Argentina Nuestra Visión Julio 2015

“Hegel dice en alguna parte que todos los grandes hechos y personajes de la historia universal aparecen, como si dijéramos, dos veces. Pero se olvidó de agregar: una vez como tragedia y otra vez, como farsa.” Carlos Marx (En su libro El 18 de Brumario de Luis Bonaparte)

El destino de Aquiles

Finalmente se cerraron las candidaturas, previsibles y como esperaba el oficialismo, habrá una buscada “polarización” entre Scioli y Macri. El kirchnerismo se terminó respaldando en el aparato del justicialismo, como en las elecciones anteriores. La cuestión de fondo es que todos coinciden en la necesidad de ajuste. El actual gobierno lo viene realizando en forma gradual  mediante inflación y techo salarial, pero el estancamiento local y la situación internacional obligan a un mayor ajuste (y una devaluación brusca), que tampoco garantizaría una recuperación económica similar a la anterior al 2008. La devaluación en Brasil y el freno de su crecimiento repercutieron fuertemente en la industria  automotriz local. Según el Centro de Estudios de la Unión Industrial Argentina (UIA) en mayo la contracción fue del 2,8% 1/   Brasil es el principal socio comercial de Argentina en esa rama de la producción y la  productividad de la industria local (menor en términos comparativos) estuvo emparejada por un tipo de cambio favorable, situación que la devaluación del real hizo desaparecer.

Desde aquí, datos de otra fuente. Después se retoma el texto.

(* Assume $r\neq0$ and $r+s=0$. For $0\le j\le d$ let $\bar\theta_j=(d-2j)(d-2j+1)$. Then for all $0\le i,j\le d$, $$u_i(\bar\theta_j)={}_4F_3\left(\genfrac..{0pt}{}{-i,\ i-d+r,\ -j,\ j-d-\frac12}{-d,\ \frac{r-d}{2},\ \frac{r-d+1}{2}}\,\middle|\,1\right).$$
   Context: Fix an integer $d\ge0$ and $r,s\in(-1,\infty)$. Write $(x)_i=x(x+1)\cdots(x+i-1)$, $(x)_0=1$, and ${}_mF_n\left(\genfrac..{0pt}{}{a_1,\dots,a_m}{b_1,\dots,b_n}\,\middle|\,1\right)=\sum_{k\ge0}\frac{(a_1)_k\cdots(a_m)_k}{(b_1)_k\cdots(b_n)_k\,k!}$ (terminating sums here). For $0\le i\le d$ put $\theta_i=(d-i)(d-i+r+s+1)$ (these are distinct). Let $u_0,\dots,u_d$ be the unique real polynomials of degree at most $d$ such that $u_i(\theta_j)={}_3F_2\left(\genfrac..{0pt}{}{-i,-j,j-r-s-2d-1}{-s-d,-d}\,\middle|\,1\right)$ for all $0\le i,j\le d$ (the dual Hahn polynomials). *)

theory Defs
  imports Complex_Main "HOL-Computational_Algebra.Polynomial"
begin

text \<open>In all uses below some numerator parameter is a non-positive integer -i with i <= N,
  so all terms with k > i vanish and the truncation is exactly the terminating sum.\<close>
definition hypF :: "real list \<Rightarrow> real list \<Rightarrow> nat \<Rightarrow> real" where
  "hypF as bs N = (\<Sum>k\<le>N. prod_list (map (\<lambda>a. pochhammer a k) as)
                       / (prod_list (map (\<lambda>b. pochhammer b k) bs) * fact k))"

definition dh_theta :: "nat \<Rightarrow> real \<Rightarrow> real \<Rightarrow> nat \<Rightarrow> real" where
  "dh_theta d r s i = (real d - real i) * (real d - real i + r + s + 1)"

definition dual_hahn_u :: "nat \<Rightarrow> real \<Rightarrow> real \<Rightarrow> nat \<Rightarrow> real poly" where
  "dual_hahn_u d r s i = (THE p. degree p \<le> d \<and>
      (\<forall>j\<le>d. poly p (dh_theta d r s j) =
         hypF [- real i, - real j, real j - r - s - 2 * real d - 1]
              [- s - real d, - real d] d))"

end

theory Submission
  imports Defs
begin
theorem lemma3p4:
  fixes I :: "'i set" and J :: "'j set" and K :: "'k set" and L :: "'l set"
    and dI :: "'i \<Rightarrow> nat" and dJ :: "'j \<Rightarrow> nat" and dK :: "'k \<Rightarrow> nat" and dL :: "'l \<Rightarrow> nat"
    and S :: "('j \<times> 'i \<Rightarrow> complex mat) \<Rightarrow> ('l \<times> 'k \<Rightarrow> complex mat)"
  assumes "valid_mm I dI" and "valid_mm J dJ" and "valid_mm K dK" and "valid_mm L dL"
    and "deterministic_supermap I dI J dJ K dK L dL S"
  shows "\<exists>N. mm_cp I dI K dK N \<and> N (mm_one I dI) = mm_one K dK \<and>
           (\<forall>X. mm_pos (J \<times> I) (hom_dim dI dJ) X \<longrightarrow>
                tr_out K dK L dL (S X) = N (tr_out I dI J dJ X))"
proof -
  have I: "finite I" and J: "valid_mm J dJ" and L: "finite L"
    using assms(1,2,4) by (simp_all add: valid_mm_def)
  have S_cp: "mm_cp (J \<times> I) (hom_dim dI dJ) (L \<times> K) (hom_dim dK dL) S"
    and S_TP: "\<And>P. mm_pos (J \<times> I) (hom_dim dI dJ) P \<Longrightarrow> is_TP I dI J dJ P \<Longrightarrow> is_TP K dK L dL (S P)"
    using assms(5) unfolding deterministic_supermap_def by blast+
  let ?T = "tr_out K dK L dL \<circ> S"
  have T: "mm_linear (J \<times> I) (hom_dim dI dJ) K dK ?T"
    using S_cp unfolding mm_cp_def by (blast intro: mm_linear_comp mm_linear_tr_out)
  have T_TP: "?T P = mm_one K dK" if "mm_pos (J \<times> I) (hom_dim dI dJ) P" "is_TP I dI J dJ P" for P
    using S_TP[OF that] unfolding is_TP_def by simp
  have "mm_cp I dI K dK (?T \<circ> embed_mixed I dI J dJ)"
    by (rule mm_cp_comp[OF mm_cp_embed_mixed mm_cp_comp[OF S_cp mm_cp_tr_out[OF L]]])
  moreover have "(?T \<circ> embed_mixed I dI J dJ) (mm_one I dI) = mm_one K dK"
    using T_TP[OF mm_pos_embed_mixed_one is_TP_embed_mixed_one[OF J]] by simp
  moreover have "tr_out K dK L dL (S X) = (?T \<circ> embed_mixed I dI J dJ) (tr_out I dI J dJ X)"
    if "mm_pos (J \<times> I) (hom_dim dI dJ) X" for X
    using tr_out_factorization[OF I J T T_TP] that unfolding mm_pos_def by simp
  ultimately show ?thesis
    by blast
qed

end
lemma reduced_rho_cat:
  assumes "k < 3" "a < 2" "b < 2"
  shows "reduced 2 3 rho_cat k a b = (if a = b then 1/2 else 0)"
proof -
  have "k = 0 \<or> k = 1 \<or> k = 2" "a = 0 \<or> a = 1" "b = 0 \<or> b = 1" using assms by auto
  then show ?thesis
    unfolding reduced_eq_sum_idx[OF assms(1,2)] sum_idx_2_3
    by (elim disjE) (simp_all add: rho_cat_def psi_cat_def numeral_2_eq_2)
qed

lemma reduced_rho_prod:
  assumes "k < 3" "a < 2" "b < 2"
  shows "reduced 2 3 rho_prod k a b = (if k = 1 then \<i> ^ a * cnj (\<i> ^ b) / 2 else 1/2)"
proof -
  have "k = 0 \<or> k = 1 \<or> k = 2" "a = 0 \<or> a = 1" "b = 0 \<or> b = 1" using assms by auto
  then show ?thesis
    unfolding reduced_eq_sum_idx[OF assms(1,2)] sum_idx_2_3
    by (elim disjE) (simp_all add: rho_prod_def psi_prod_def numeral_2_eq_2)
qed

lemma RSC_rho_cat: "RSC 2 3 rho_cat"
  by (simp add: RSC_def reduced_rho_cat)

lemma not_SSC_rho_cat: "\<not> SSC 2 3 rho_cat"
proof
  assume "SSC 2 3 rho_cat"
  let ?x = "(\<lambda>_. undefined)(0 := 0, 1 := 0, 2 := 1) :: nat \<Rightarrow> nat"
  have "?x \<in> idx 2 3" by (auto simp: mem_idx_iff less_Suc_eq numeral_3_eq_3)
  then have "rho_cat (?x \<circ> transpose 0 2) (?x \<circ> transpose 0 2) = rho_cat ?x ?x"
    using SSC_transpose_invariant[OF \<open>SSC 2 3 rho_cat\<close>] by simp
  then show False by (simp add: rho_cat_def psi_cat_def)
qed

lemma sigmaEC_pauliZ_rho_prod: "sigmaEC 2 3 pauliZ rho_prod"
proof -
  have "{..<2::nat} = {0, 1}" by auto
  then have "tr 2 3 (mmul 2 3 (embed 3 i pauliZ) rho_prod) = 0" if "i < 3" for i
    using that by (simp add: tr_embed_mmul pauliZ_def reduced_rho_prod)
  then show ?thesis by (simp add: sigmaEC_def)
qed

lemma not_RSC_rho_prod: "\<not> RSC 2 3 rho_prod"
proof
  assume "RSC 2 3 rho_prod"
  then have "reduced 2 3 rho_prod 0 0 1 = reduced 2 3 rho_prod 1 0 1" by (simp add: RSC_def)
  then show False by (simp add: reduced_rho_prod complex_eq_iff)
qed

theorem theorem1:
  fixes n m :: nat
  assumes "n \<ge> 2" and "m \<ge> 2"
  shows "(\<forall>\<rho>. density n m \<rho> \<longrightarrow>
            (SSC n m \<rho> \<longrightarrow> RSC n m \<rho>) \<and>
            (RSC n m \<rho> \<longrightarrow> (\<forall>\<sigma>. sigmaEC n m \<sigma> \<rho>)))
       \<and> (\<exists>\<rho>. density 2 3 \<rho> \<and> RSC 2 3 \<rho> \<and> \<not> SSC 2 3 \<rho>)
       \<and> (\<exists>\<rho>. density 2 3 \<rho> \<and> sigmaEC 2 3 pauliZ \<rho> \<and> \<not> RSC 2 3 \<rho>)"
  using SSC_imp_RSC RSC_imp_sigmaEC
    density_rho_cat RSC_rho_cat not_SSC_rho_cat
    density_rho_prod sigmaEC_pauliZ_rho_prod not_RSC_rho_prod
  by blast

end
(* Let $p$ be an odd prime, let $G$ be a proper multiplicative subgroup of $\mathbb{F}_p^*$ with $|G|\ge 3$, and let $\xi,\mu\in\mathbb{F}_p^*$. Then: (1) for every $A\subseteq\mathbb{F}_p^*$, we have $A/A\neq (\xi G+\mu)\setminus\{0\}$; (2) for every $A\subseteq\mathbb{F}_p^*$, we have $A/A\neq \big((\xi G\cup\{0\})+\mu\big)\setminus\{0\}$.
   Context: $\mathbb{F}_p$ is the field with $p$ elements and $\mathbb{F}_p^*=\mathbb{F}_p\setminus\{0\}$. For $A\subseteq\mathbb{F}_p^*$, the ratio set is $A/A=\{a/b: a,b\in A\}$. For a set $S\subseteq\mathbb{F}_p$, $\xi S=\{\xi s: s\in S\}$ and $S+\mu=\{s+\mu: s\in S\}$. *)

theory Defs
  imports "HOL-Computational_Algebra.Primes"
begin

definition ratio_set :: "'a::field set \<Rightarrow> 'a set" where
  "ratio_set A = {a / b | a b. a \<in> A \<and> b \<in> A}"

definition mult_subgroup :: "'a::field set \<Rightarrow> bool" where
  "mult_subgroup G \<longleftrightarrow> G \<subseteq> UNIV - {0} \<and> 1 \<in> G \<and>
     (\<forall>x\<in>G. \<forall>y\<in>G. x * y \<in> G) \<and> (\<forall>x\<in>G. inverse x \<in> G)"

end

theory Submission
  imports Defs "HOL-Computational_Algebra.Polynomial"
begin
(* Let $(X,d)$ be a $\delta$-Gromov hyperbolic space, $p\in X$, $\epsilon>0$, and $X^\epsilon=(X,d_\epsilon)$ the uniformized space. If the Gehring-Hayman property for metric boundary points holds for $X^\epsilon$, then the Gehring-Hayman property for Gromov sequences holds for $X^\epsilon$.
   Context: Gromov product $(x|y)_p=\frac12(d(p,x)+d(p,y)-d(x,y))$. $\delta$-Gromov hyperbolic: unbounded, proper, geodesic, and $(x|z)_p\ge\min\{(x|y)_p,(y|z)_p\}-\delta$ for all $x,y,z,p$. Uniformized metric: $d_\epsilon(x,y)=\inf_\gamma\int_\gamma e^{-\epsilon d(p,z)}ds(z)$ over $d$-rectifiable curves from $x$ to $y$; $l_{d_\epsilon}$ is length with respect to $d_\epsilon$; $\partial_{d_\epsilon}X^\epsilon=\overline{X^\epsilon}\setminus X^\epsilon$ (closure in the completion); $[x,y]$ denotes a $d$-geodesic. A Gromov sequence is $(x_n)$ with $(x_n|x_m)_p\to\infty$ as $n,m\to\infty$. GH property for Gromov sequences: for each Gromov sequence $(x_n)$ there is $C\ge1$ with $l_{d_\epsilon}([x_n,x_m])\le Cd_\epsilon(x_n,x_m)$ for all $n,m$. GH property for metric boundary points: for every $x\in\partial_{d_\epsilon}X^\epsilon$ and every $(x_n)\subseteq X$ with $d_\epsilon(x_n,x)\to0$ there is $C\ge1$ with $l_{d_\epsilon}([x_n,x_m])\le Cd_\epsilon(x_n,x_m)$ for all $n,m$. *)

theory Defs
  imports "HOL-Analysis.Analysis"
begin

text \<open>The space X is the whole carrier of a type of class metric_space, with d = dist.\<close>

definition gromov_product :: "'a::metric_space \<Rightarrow> 'a \<Rightarrow> 'a \<Rightarrow> real" where
  "gromov_product p x y = (dist p x + dist p y - dist x y) / 2"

El otro aspecto es el efecto de la crisis griega sobre los planes inmediatos del gobierno en materia económica. Más allá de lo que digan, el eje del sostenimiento sigue siendo el endeudamiento externo mediante emisión de bonos. Con la crisis de los holdout sin resolver y el default griego, la colocación de bonos de deuda argentina se complicó aún más. Esta imposibilidad de seguir sustentando a las fracciones sobrantes de la burguesía local y la necesidad de volver a los mercados de deuda a tasas promedio, constituye el talón de Aquiles del capitalismo autóctono

“Una industria que demanda 36.000 millones de dólares en la compra de componentes importados para funcionar, un capital concentrado que ha fugado en la última década cerca de 100.000 millones de dólares, transnacionales que transfirieron al exterior 72 de cada 100 dólares que ganaron (en la última década casi 40.000 millones de dólares) y compromisos para pagar capital - solo en 2015 - de 54.000 millones de dólares, explican el por qué del constante endeudamiento” 2/

Pero el aspecto principal del fin del período de crecimiento del capitalismo, es la imposibilidad de la burguesía para reconstituir la institucionalidad, el constante paso de un partido a otro por parte de los candidatos patronales, la ausencia de identidades políticas permanentes, es decir con una tradición y un proyecto claro, “en este entorno, los políticos necesitan imperiosamente un bien cada vez más escaso: legitimar su palabra y sus acciones ante ciudadanos cada vez más distantes y desconfiados de las instituciones” 3/

Un elemento que también revela el fracaso del proyecto bonapartista, es la imposibilidad de llevar adelante un programa que exprese los intereses de la pequeña burguesía. Esa capa de profesionales,  intelectuales y estudiantes se anexó al kirchnerismo buscando “profundizar” una sumatoria de medidas “progresistas”, viendo una posibilidad de disputa política entre una derecha y una izquierda dentro del gobierno, pero como no podía ser de otra manera, al fin de cuentas terminó siendo una farsa de la juventud peronista de los años 70, aquella que incluso confundida con Perón, tenía un programa propio que (sin sobrepasar el reformismo) terminó chocando con el peronismo, es decir con los intereses de clase  que este expresaba (el imperialismo y la gran burguesía). En los últimos años, fundamentalmente La Cámpora, donde terminó disciplinándose todo el arco del llamado kirchnerismo crítico, muestra claramente las contradicciones e imposibilidad que las capas medias tienen para llevar adelante un proyecto político propio, constituyéndose finalmente en administradores de los intereses de las multinacionales, a fin de cuentas, formando una juventud conservadora.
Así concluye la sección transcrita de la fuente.